- Problem details
Reproduce only the lines that run from the line with "text \<open>Partial bijections" to the last line of the material, both ends included, exactly as they appear.

- Records shown
(* Let $R$ be a pmp equivalence relation, $F\subseteq\llbracket R\rrbracket$ finite, $n,d\geq1$, $\delta>0$ and $\varphi\in{\rm SA}(F,4n,\delta,d)$. Let $s\in\mathbf\Sigma F_\pm^n$ and let $s=\sum_{i=1}^k s_i$ with $s_1,\dots,s_k\in\mathbf\Sigma F_\pm^n$ pairwise orthogonal. Then \[ \Big|\varphi(s)-\sum_{i=1}^k\varphi(s_i)\pi_i(\varphi(s_1),\dots,\varphi(s_k))\Big|<150(2|F|+1)^{2n}\delta. \]
   Context: Let $(X,\mu)$ be a standard probability space and $R$ a pmp countable Borel equivalence relation. $\llbracket R\rrbracket$ denotes the set of partial measure-preserving Borel bijections $s:\operatorname{dom}s\to\operatorname{ran}s$ between Borel subsets of $X$ with graph contained in $R$, modulo null sets; product $(st)(x)=s(t(x))$ on $t^{-1}(\operatorname{ran}t\cap\operatorname{dom}s)$, inverse $s^{-1}$, identity $1$. A projection is the identity map $1_A$ of a Borel set $A$, and $1-1_A:=1_{X\setminus A}$. Pairwise orthogonal elements (pairwise disjoint domains and ranges) have a sum equal to $s_i$ on $\operatorname{dom}s_i$; $\mathbf\Sigma F$ is the set of finite sums of pairwise orthogonal elements of $F$; $F_\pm=F\cup\{s^{-1}:s\in F\}\cup\{1\}$; $F_\pm^n$ the products of $n$ elements of $F_\pm$. $|s-t|=\mu\{x\in\operatorname{dom}s\cup\operatorname{dom}t:s(x)\neq t(x)\}$ (with $s(x)\neq t(x)$ on $\operatorname{dom}s\triangle\operatorname{dom}t$), $\tau(s)=\mu\{x\in\operatorname{dom}s:s(x)=x\}$. $\llbracket d\rrbracket$: partial permutations of $\{1,\dots,d\}$ with uniform probability measure, same structure, trace $\operatorname{tr}$. ${\rm SA}(F,n,\delta,d)$ is the set of maps $\varphi:\llbracket R\rrbracket\to\llbracket d\rrbracket$ with $\varphi(1)=1$ such that $|\varphi(st)-\varphi(s)\varphi(t)|<\delta$ for all $s,t\in\mathbf\Sigma F_\pm^n$ with $st\in\mathbf\Sigma F_\pm^n$, and $|\operatorname{tr}(\varphi(s))-\tau(s)|<\delta$ for all $s\in\mathbf\Sigma F_\pm^n$. For $t_1,\dots,t_k\in\llbracket d\rrbracket$, $\pi_i(t_1,\dots,t_k)=\big(t_i^{-1}t_i\prod_{j\neq i}(1-t_j^{-1}t_j)\big)\,t_i^{-1}\big(t_it_i^{-1}\prod_{j\neq i}(1-t_jt_j^{-1})\big)t_i$; the elements $t_i\pi_i(t_1,\dots,t_k)$ are pairwise orthogonal, so their sum is defined. *)

theory Defs
  imports "HOL-Probability.Probability"
begin

text \<open>Partial bijections are represented as partial maps of type 'b \<rightharpoonup> 'b.
 Product (s t)(x) = s(t(x)) is map_comp s t.\<close>

definition pinv :: "('b \<rightharpoonup> 'b) \<Rightarrow> ('b \<rightharpoonup> 'b)" where
  "pinv s = (\<lambda>y. if y \<in> ran s then Some (THE x. s x = Some y) else None)"

definition psum :: "('b \<rightharpoonup> 'b) list \<Rightarrow> ('b \<rightharpoonup> 'b)" where
  "psum ts = foldr (\<lambda>t acc. t ++ acc) ts Map.empty"

definition pprod :: "('b \<rightharpoonup> 'b) \<Rightarrow> ('b \<rightharpoonup> 'b) list \<Rightarrow> ('b \<rightharpoonup> 'b)" where
  "pprod one ts = foldr (\<lambda>t acc. map_comp t acc) ts one"

definition pone :: "'a \<rightharpoonup> 'a" where "pone = Some"

definition partial_borel_bij :: "'a measure \<Rightarrow> ('a \<times> 'a) set \<Rightarrow> ('a \<rightharpoonup> 'a) \<Rightarrow> bool" where
  "partial_borel_bij M R s \<longleftrightarrow>
     dom s \<in> sets M \<and> ran s \<in> sets M \<and> inj_on s (dom s) \<and>
     (\<forall>x y. s x = Some y \<longrightarrow> (x, y) \<in> R) \<and>
     (the \<circ> s) \<in> measurable (restrict_space M (dom s)) M \<and>
     (the \<circ> pinv s) \<in> measurable (restrict_space M (ran s)) M"

definition meas_pres :: "'a measure \<Rightarrow> ('a \<rightharpoonup> 'a) \<Rightarrow> bool" where
  "meas_pres M s \<longleftrightarrow>
     (\<forall>B\<in>sets M. B \<subseteq> ran s \<longrightarrow> emeasure M (dom s \<inter> (the \<circ> s) -` B) = emeasure M B)"

definition std_prob_space :: "'a::polish_space measure \<Rightarrow> bool" where
  "std_prob_space M \<longleftrightarrow> prob_space M \<and> sets M = sets borel"

definition pmp_cber :: "'a measure \<Rightarrow> ('a \<times> 'a) set \<Rightarrow> bool" where
  "pmp_cber M R \<longleftrightarrow> equiv UNIV R \<and> R \<in> sets (M \<Otimes>\<^sub>M M) \<and>
     (\<forall>x. countable (R `` {x})) \<and>
     (\<forall>s. partial_borel_bij M R s \<longrightarrow> meas_pres M s)"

- Output for this exercise
text \<open>Partial bijections are represented as partial maps of type 'b \<rightharpoonup> 'b.
 Product (s t)(x) = s(t(x)) is map_comp s t.\<close>

definition pinv :: "('b \<rightharpoonup> 'b) \<Rightarrow> ('b \<rightharpoonup> 'b)" where
  "pinv s = (\<lambda>y. if y \<in> ran s then Some (THE x. s x = Some y) else None)"

definition psum :: "('b \<rightharpoonup> 'b) list \<Rightarrow> ('b \<rightharpoonup> 'b)" where
  "psum ts = foldr (\<lambda>t acc. t ++ acc) ts Map.empty"

definition pprod :: "('b \<rightharpoonup> 'b) \<Rightarrow> ('b \<rightharpoonup> 'b) list \<Rightarrow> ('b \<rightharpoonup> 'b)" where
  "pprod one ts = foldr (\<lambda>t acc. map_comp t acc) ts one"

definition pone :: "'a \<rightharpoonup> 'a" where "pone = Some"

definition partial_borel_bij :: "'a measure \<Rightarrow> ('a \<times> 'a) set \<Rightarrow> ('a \<rightharpoonup> 'a) \<Rightarrow> bool" where
  "partial_borel_bij M R s \<longleftrightarrow>
     dom s \<in> sets M \<and> ran s \<in> sets M \<and> inj_on s (dom s) \<and>
     (\<forall>x y. s x = Some y \<longrightarrow> (x, y) \<in> R) \<and>
     (the \<circ> s) \<in> measurable (restrict_space M (dom s)) M \<and>
     (the \<circ> pinv s) \<in> measurable (restrict_space M (ran s)) M"

definition meas_pres :: "'a measure \<Rightarrow> ('a \<rightharpoonup> 'a) \<Rightarrow> bool" where
  "meas_pres M s \<longleftrightarrow>
     (\<forall>B\<in>sets M. B \<subseteq> ran s \<longrightarrow> emeasure M (dom s \<inter> (the \<circ> s) -` B) = emeasure M B)"

definition std_prob_space :: "'a::polish_space measure \<Rightarrow> bool" where
  "std_prob_space M \<longleftrightarrow> prob_space M \<and> sets M = sets borel"

definition pmp_cber :: "'a measure \<Rightarrow> ('a \<times> 'a) set \<Rightarrow> bool" where
  "pmp_cber M R \<longleftrightarrow> equiv UNIV R \<and> R \<in> sets (M \<Otimes>\<^sub>M M) \<and>
     (\<forall>x. countable (R `` {x})) \<and>
     (\<forall>s. partial_borel_bij M R s \<longrightarrow> meas_pres M s)"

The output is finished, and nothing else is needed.